Catherine Opie’s exhibition To Be Seen marks her first major museum show in Britain at the National Portrait Gallery. The display features iconic works from the 1990s onward, capturing mythic American landscapes, families, and the often-overlooked lives of gay, lesbian, and queer Americans.
Iconic Works Challenging Norms
Opie’s bold photographs include portraits of friends and members of LA’s 1990s leather dyke community. Standouts feature Pig Pen, an androgynous figure gazing directly at the viewer, and the Being and Having series, where 13 butch lesbians don stick-on facial hair in a playful critique of gender roles. Another powerful image, Dyke, shows Steakhouse with the word “dyke” tattooed across her neck.
In 1993, Opie created Self-Portrait/Cutting, a striking self-portrait with a child’s drawing of a house and family carved into her back. The 64-year-old artist, speaking from her Los Angeles studio, emphasizes sincerity in her work. “Sincerity is really important to me,” she says. “Those basic qualities are actually very Christian, yet Christianity has excluded me because of my sexual preference.”
A Career Rooted in Vulnerability and Bravery
For 27 years, Opie taught photography at UCLA, urging students to display bravery in public spaces. Her images evoke deep emotional responses, as seen in Divinity Fudge, a drag performer in full attire, and Self-Portrait/Nursing, depicting Opie breastfeeding her son Oliver amid scars from earlier works.
These photos counter stereotypes of queer life with raw honesty. Opie recalls a childhood moment at age 11, struck by Lewis Hine’s 1908 image of a girl in a South Carolina cotton mill, sparking her empathy for marginalized lives. Raised near her father’s factory in Ohio before moving to California, she embraced creativity despite family resistance.
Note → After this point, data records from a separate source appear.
(* Let $T$ be a monad on $\mathsf{Set}$ which is continuous and commutative (in the senses described in the context). Then for every $n\in\mathbb{N}\cup\{\omega\}$, every $\Gamma\in T([n])$ and every set $X$, we have $\Gamma\mathrel{>\!\!>=}(i\mapsto\bot_{T(X)})=\bot_{T(X)}$, where $\bot_{T(X)}$ is the least element of $T(X)$.
   Context: $[n]=\{1,\dots,n\}$ for $n\in\mathbb{N}$, $[\omega]=\mathbb{N}$. For $\mu\in T(X)$ and $f:X\to T(Y)$, $\mu\mathrel{>\!\!>=} f$ is the Kleisli extension of $f$ applied to $\mu$. $T$ is continuous if every $T(X)$ carries an $\omega$-cppo structure (a partial order with least element $\bot_{T(X)}$ and suprema of $\omega$-chains) such that $\mathrel{>\!\!>=}$ is continuous in both arguments (ordering functions $X\to T(Y)$ pointwise). Standing assumptions of the paper in this setting: $\eta(1)\neq\bot$ in $T([1])$ (so $T([1])$ has at least two elements), and for every function $f$ the map $T(f)$ is strict, i.e. preserves least elements. $T$ is commutative if for all $n,m\in\mathbb{N}\cup\{\omega\}$, all $\Gamma\in T([n])$, $\Delta\in T([m])$, all sets $X$ and all $x_{i,j}\in X$ ($i\in[n]$, $j\in[m]$): $\Gamma\mathrel{>\!\!>=}(i\mapsto \Delta\mathrel{>\!\!>=}(j\mapsto\eta(x_{i,j})))=\Delta\mathrel{>\!\!>=}(j\mapsto\Gamma\mathrel{>\!\!>=}(i\mapsto\eta(x_{i,j})))$. *)

theory Defs
  imports Main "HOL-Library.FuncSet" "HOL-Library.Extended_Nat"
begin

text \<open>
  A monad on Set is represented as a Kleisli triple acting on all sets
  X :: 'u set of a universe type 'u:
    TT X             -- the carrier of T(X), a subset of the value type 'v
    eta X x          -- the unit eta_X(x), for x in X
    bind X Y mu f    -- Kleisli extension of f : X -> T(Y) applied to mu in T(X)
  The order on T(X) is le X, its least element is bt X.
  The natural numbers are embedded into the universe by an injection emb,
  and [n] for n in N u {omega} is emb ` {i. 1 <= i <= n}.
\<close>

definition idx :: "(nat \<Rightarrow> 'u) \<Rightarrow> enat \<Rightarrow> 'u set" where
  "idx emb n = emb ` {i. 1 \<le> i \<and> enat i \<le> n}"

definition kleisli_monad ::
  "('u set \<Rightarrow> 'v set) \<Rightarrow> ('u set \<Rightarrow> 'u \<Rightarrow> 'v)
   \<Rightarrow> ('u set \<Rightarrow> 'u set \<Rightarrow> 'v \<Rightarrow> ('u \<Rightarrow> 'v) \<Rightarrow> 'v) \<Rightarrow> bool" where
  "kleisli_monad TT eta bind \<longleftrightarrow>
     (\<forall>X. eta X \<in> X \<rightarrow> TT X)
   \<and> (\<forall>X Y mu f. mu \<in> TT X \<and> f \<in> X \<rightarrow> TT Y \<longrightarrow> bind X Y mu f \<in> TT Y)
   \<and> (\<forall>X Y mu f g. mu \<in> TT X \<and> f \<in> X \<rightarrow> TT Y \<and> (\<forall>x\<in>X. f x = g x)
        \<longrightarrow> bind X Y mu f = bind X Y mu g)
   \<and> (\<forall>X Y x f. x \<in> X \<and> f \<in> X \<rightarrow> TT Y \<longrightarrow> bind X Y (eta X x) f = f x)
   \<and> (\<forall>X mu. mu \<in> TT X \<longrightarrow> bind X X mu (eta X) = mu)
   \<and> (\<forall>X Y Z mu f g. mu \<in> TT X \<and> f \<in> X \<rightarrow> TT Y \<and> g \<in> Y \<rightarrow> TT Z \<longrightarrow>
        bind Y Z (bind X Y mu f) g = bind X Z mu (\<lambda>x. bind Y Z (f x) g))"

definition is_chain :: "'v set \<Rightarrow> ('v \<Rightarrow> 'v \<Rightarrow> bool) \<Rightarrow> (nat \<Rightarrow> 'v) \<Rightarrow> bool" where
  "is_chain A le c \<longleftrightarrow> (\<forall>i. c i \<in> A) \<and> (\<forall>i. le (c i) (c (Suc i)))"

definition is_lub :: "'v set \<Rightarrow> ('v \<Rightarrow> 'v \<Rightarrow> bool) \<Rightarrow> 'v set \<Rightarrow> 'v \<Rightarrow> bool" where
  "is_lub A le S s \<longleftrightarrow> s \<in> A \<and> (\<forall>x\<in>S. le x s) \<and> (\<forall>u\<in>A. (\<forall>x\<in>S. le x u) \<longrightarrow> le s u)"

definition omega_cppo :: "'v set \<Rightarrow> ('v \<Rightarrow> 'v \<Rightarrow> bool) \<Rightarrow> 'v \<Rightarrow> bool" where
  "omega_cppo A le b \<longleftrightarrow>
     (\<forall>x\<in>A. le x x)
   \<and> (\<forall>x\<in>A. \<forall>y\<in>A. le x y \<and> le y x \<longrightarrow> x = y)
   \<and> (\<forall>x\<in>A. \<forall>y\<in>A. \<forall>z\<in>A. le x y \<and> le y z \<longrightarrow> le x z)
   \<and> b \<in> A \<and> (\<forall>x\<in>A. le b x)
   \<and> (\<forall>c. is_chain A le c \<longrightarrow> (\<exists>s. is_lub A le (range c) s))"

definition continuous_monad ::
  "('u set \<Rightarrow> 'v set) \<Rightarrow> ('u set \<Rightarrow> 'u set \<Rightarrow> 'v \<Rightarrow> ('u \<Rightarrow> 'v) \<Rightarrow> 'v)
   \<Rightarrow> ('u set \<Rightarrow> 'v \<Rightarrow> 'v \<Rightarrow> bool) \<Rightarrow> ('u set \<Rightarrow> 'v) \<Rightarrow> bool" where
  "continuous_monad TT bind le bt \<longleftrightarrow>
     (\<forall>X. omega_cppo (TT X) (le X) (bt X))
   \<and> (\<forall>X Y f c s. f \<in> X \<rightarrow> TT Y \<and> is_chain (TT X) (le X) c \<and> is_lub (TT X) (le X) (range c) s
        \<longrightarrow> is_lub (TT Y) (le Y) (range (\<lambda>i. bind X Y (c i) f)) (bind X Y s f))
   \<and> (\<forall>X Y mu g h. mu \<in> TT X \<and> (\<forall>i. g i \<in> X \<rightarrow> TT Y) \<and> h \<in> X \<rightarrow> TT Y
        \<and> (\<forall>x\<in>X. is_chain (TT Y) (le Y) (\<lambda>i. g i x) \<and> is_lub (TT Y) (le Y) (range (\<lambda>i. g i x)) (h x))
        \<longrightarrow> is_lub (TT Y) (le Y) (range (\<lambda>i. bind X Y mu (g i))) (bind X Y mu h))"

definition standing_assumptions ::
  "(nat \<Rightarrow> 'u) \<Rightarrow> ('u set \<Rightarrow> 'v set) \<Rightarrow> ('u set \<Rightarrow> 'u \<Rightarrow> 'v)
   \<Rightarrow> ('u set \<Rightarrow> 'u set \<Rightarrow> 'v \<Rightarrow> ('u \<Rightarrow> 'v) \<Rightarrow> 'v) \<Rightarrow> ('u set \<Rightarrow> 'v) \<Rightarrow> bool" where
  "standing_assumptions emb TT eta bind bt \<longleftrightarrow>
     eta (idx emb 1) (emb 1) \<noteq> bt (idx emb 1)
   \<and> (\<forall>X Y f. f \<in> X \<rightarrow> Y \<longrightarrow> bind X Y (bt X) (\<lambda>x. eta Y (f x)) = bt Y)"

definition commutative_monad ::
  "(nat \<Rightarrow> 'u) \<Rightarrow> ('u set \<Rightarrow> 'v set) \<Rightarrow> ('u set \<Rightarrow> 'u \<Rightarrow> 'v)
   \<Rightarrow> ('u set \<Rightarrow> 'u set \<Rightarrow> 'v \<Rightarrow> ('u \<Rightarrow> 'v) \<Rightarrow> 'v) \<Rightarrow> bool" where
  "commutative_monad emb TT eta bind \<longleftrightarrow>
     (\<forall>n m Gamma Delta X x.
        Gamma \<in> TT (idx emb n) \<and> Delta \<in> TT (idx emb m)
        \<and> (\<forall>i\<in>idx emb n. \<forall>j\<in>idx emb m. x i j \<in> X) \<longrightarrow>
        bind (idx emb n) X Gamma (\<lambda>i. bind (idx emb m) X Delta (\<lambda>j. eta X (x i j)))
      = bind (idx emb m) X Delta (\<lambda>j. bind (idx emb n) X Gamma (\<lambda>i. eta X (x i j))))"

end

theory Submission
  imports Defs
begin

text \<open>Strictness of \<open>T(f)\<close> on maps out of the empty set makes \<open>\<bottom>\<^sub>X\<close> the image of
  \<open>\<bottom>\<^sub>\<emptyset>\<close>, and Kleisli extension cannot distinguish maps out of \<open>\<emptyset>\<close>; hence
  \<open>\<bottom> \<bind> f = \<bottom>\<close> for every \<open>f\<close>. Commutativity applied to \<open>\<Gamma>\<close> and \<open>\<Delta> = \<bottom>\<close>, with
  all \<open>x\<^sub>i\<^sub>j\<close> equal to one point \<open>y \<in> X\<close>, turns the two sides into
  \<open>\<Gamma> \<bind> (i \<mapsto> \<bottom>\<^sub>X)\<close> and \<open>\<bottom>\<^sub>X\<close>. An empty \<open>X\<close> is reached by factoring
  \<open>i \<mapsto> \<bottom>\<^sub>X\<close> through a nonempty set. Continuity enters only through \<open>\<bottom>\<^sub>X \<in> T(X)\<close>.\<close>

lemma kleisli_monadD:
  assumes "kleisli_monad TT eta bind"
  shows kleisli_monad_eta_closed: "eta X \<in> X \<rightarrow> TT X"
    and kleisli_monad_bind_closed: "mu \<in> TT X \<Longrightarrow> f \<in> X \<rightarrow> TT Y \<Longrightarrow> bind X Y mu f \<in> TT Y"
    and kleisli_monad_bind_cong: "mu \<in> TT X \<Longrightarrow> f \<in> X \<rightarrow> TT Y \<Longrightarrow> (\<And>x. x \<in> X \<Longrightarrow> f x = g x)
      \<Longrightarrow> bind X Y mu f = bind X Y mu g"
    and kleisli_monad_bind_assoc: "mu \<in> TT X \<Longrightarrow> f \<in> X \<rightarrow> TT Y \<Longrightarrow> g \<in> Y \<rightarrow> TT Z
      \<Longrightarrow> bind Y Z (bind X Y mu f) g = bind X Z mu (\<lambda>x. bind Y Z (f x) g)"
  using assms unfolding kleisli_monad_def by simp_all

lemma continuous_monad_bot_closed:
  "continuous_monad TT bind le bt \<Longrightarrow> bt X \<in> TT X"
  unfolding continuous_monad_def omega_cppo_def by simp

lemma standing_assumptions_map_strict:
  "standing_assumptions emb TT eta bind bt \<Longrightarrow> f \<in> X \<rightarrow> Y
    \<Longrightarrow> bind X Y (bt X) (\<lambda>x. eta Y (f x)) = bt Y"
  unfolding standing_assumptions_def by simp

lemma bind_bot_left:
  assumes km: "kleisli_monad TT eta bind"
    and bot_empty: "bt {} \<in> TT {}"
    and map_strict: "\<And>X Y f. f \<in> X \<rightarrow> Y \<Longrightarrow> bind X Y (bt X) (\<lambda>x. eta Y (f x)) = bt Y"
    and f: "f \<in> X \<rightarrow> TT Y"
  shows "bind X Y (bt X) f = bt Y"
proof -
  have "bt X = bind {} X (bt {}) (eta X)"
    using map_strict[of id "{}" X] by simp
  then have "bind X Y (bt X) f = bind {} Y (bt {}) (\<lambda>x. bind X Y (eta X x) f)"
    using kleisli_monad_bind_assoc[OF km bot_empty _ f] by simp
  also have "\<dots> = bind {} Y (bt {}) (eta Y)"
    by (rule kleisli_monad_bind_cong[OF km bot_empty]) auto
  also have "\<dots> = bt Y"
    using map_strict[of id "{}" Y] by simp
  finally show ?thesis .
qed

lemma bind_const_bot_nonempty:
  assumes km: "kleisli_monad TT eta bind"
    and comm: "commutative_monad emb TT eta bind"
    and bot_closed: "\<And>X. bt X \<in> TT X"
    and map_strict: "\<And>X Y f. f \<in> X \<rightarrow> Y \<Longrightarrow> bind X Y (bt X) (\<lambda>x. eta Y (f x)) = bt Y"
    and Gamma: "Gamma \<in> TT (idx emb n)"
    and y: "y \<in> X"
  shows "bind (idx emb n) X Gamma (\<lambda>i. bt X) = bt X"
proof -
  let ?Delta = "bt (idx emb 0)"
  have eta_y: "eta X y \<in> TT X"
    using kleisli_monad_eta_closed[OF km] y by blast
  have bot_bind_eta_y: "bind (idx emb 0) X ?Delta (\<lambda>j. eta X y) = bt X"
    by (rule bind_bot_left[OF km bot_closed map_strict]) (use eta_y in auto)
  have "bind (idx emb n) X Gamma (\<lambda>i. bind (idx emb 0) X ?Delta (\<lambda>j. eta X y))
      = bind (idx emb 0) X ?Delta (\<lambda>j. bind (idx emb n) X Gamma (\<lambda>i. eta X y))"
    using comm Gamma bot_closed[of "idx emb 0"] y
    unfolding commutative_monad_def
    by (elim allE[of _ n] allE[of _ 0] allE[of _ Gamma] allE[of _ ?Delta] allE[of _ X]
        allE[of _ "\<lambda>i j. y"]) blast
  also have "\<dots> = bt X"
    by (rule bind_bot_left[OF km bot_closed map_strict])
      (use kleisli_monad_bind_closed[OF km Gamma] eta_y in auto)
  finally show ?thesis
    using bot_bind_eta_y by simp
qed

theorem proposition5p14:
  fixes emb :: "nat \<Rightarrow> 'u"
    and TT :: "'u set \<Rightarrow> 'v set"
    and eta :: "'u set \<Rightarrow> 'u \<Rightarrow> 'v"
    and bind :: "'u set \<Rightarrow> 'u set \<Rightarrow> 'v \<Rightarrow> ('u \<Rightarrow> 'v) \<Rightarrow> 'v"
    and le :: "'u set \<Rightarrow> 'v \<Rightarrow> 'v \<Rightarrow> bool"
    and bt :: "'u set \<Rightarrow> 'v"
  assumes "inj emb"
    and "kleisli_monad TT eta bind"
    and "continuous_monad TT bind le bt"
    and "standing_assumptions emb TT eta bind bt"
    and "commutative_monad emb TT eta bind"
  shows "\<forall>(n::enat) Gamma (X::'u set). Gamma \<in> TT (idx emb n) \<longrightarrow>
           bind (idx emb n) X Gamma (\<lambda>i. bt X) = bt X"
proof (intro allI impI)
  fix n :: enat and Gamma and X :: "'u set"
  assume Gamma: "Gamma \<in> TT (idx emb n)"
  note km = assms(2) and comm = assms(5)
  note bot_closed = continuous_monad_bot_closed[OF assms(3)]
  note map_strict = standing_assumptions_map_strict[OF assms(4)]
  note const_bot = bind_const_bot_nonempty[OF km comm bot_closed map_strict Gamma]
  have "bind (idx emb n) X Gamma (\<lambda>i. bind UNIV X (bt UNIV) (\<lambda>u. bt X))
      = bind UNIV X (bind (idx emb n) UNIV Gamma (\<lambda>i. bt UNIV)) (\<lambda>u. bt X)"
    by (rule kleisli_monad_bind_assoc[OF km Gamma, symmetric]) (use bot_closed in auto)
  also have "\<dots> = bind UNIV X (bt UNIV) (\<lambda>u. bt X)"
    using const_bot[of undefined UNIV] by simp
  finally show "bind (idx emb n) X Gamma (\<lambda>i. bt X) = bt X"
    using bind_bot_left[OF km bot_closed map_strict, of "\<lambda>u. bt X" UNIV X] bot_closed
    by auto
qed

end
Family Influences and Personal Growth
A childhood self-portrait from 1970 shows young Opie in a strongman pose. Her mother, a short-haired PE teacher and athlete who swims a mile daily at 90, embodied similar traits. Opie laughs about friends mistaking her mom for a lesbian.
Parenting Oliver challenged Opie’s assumptions. Photos from In and Around Home capture him in a pink tutu, defying her hopes for a “boy-boy.” Now out as queer, he remains true to himself, Opie notes proudly.
Expanding Beyond Queer Portraits
In the late 2000s, Opie photographed high school football players across the US, viewing them as extensions of the American landscape. This followed visits to her then-wife’s family in Louisiana. She addresses critics who question her focus: “I’m dying for the day when every single heterosexual child has to come out to their parents as heterosexual.”
Her San Francisco art school days in the 1980s, amid theory from Foucault and October magazine, shaped early queer-focused work. Yet Opie balances fine art with commercial gigs, including Gucci’s 2025 campaign and past editorial shoots. “I loved making my toolbox as large as it could be,” she says. “I’m super into being capable.”
Addressing Controversy and Double Standards
Self-Portrait/Cutting symbolized queer domesticity amid homophobia. Opie clarifies its intent in the exhibition’s audio tour, guiding parents on discussing it with children: “Why don’t you ask them what the artist meant by the house with smoke from the chimney?” She critiques double standards: “As soon as the Vatican puts trigger warnings on its work, I’ll put trigger warnings on mine.”
Opie’s oeuvre bridges divides, from children’s drawings to blood lines, affirming existence across boundaries.
Catherine Opie: To Be Seen runs at the National Portrait Gallery in London from March 5 to May 31.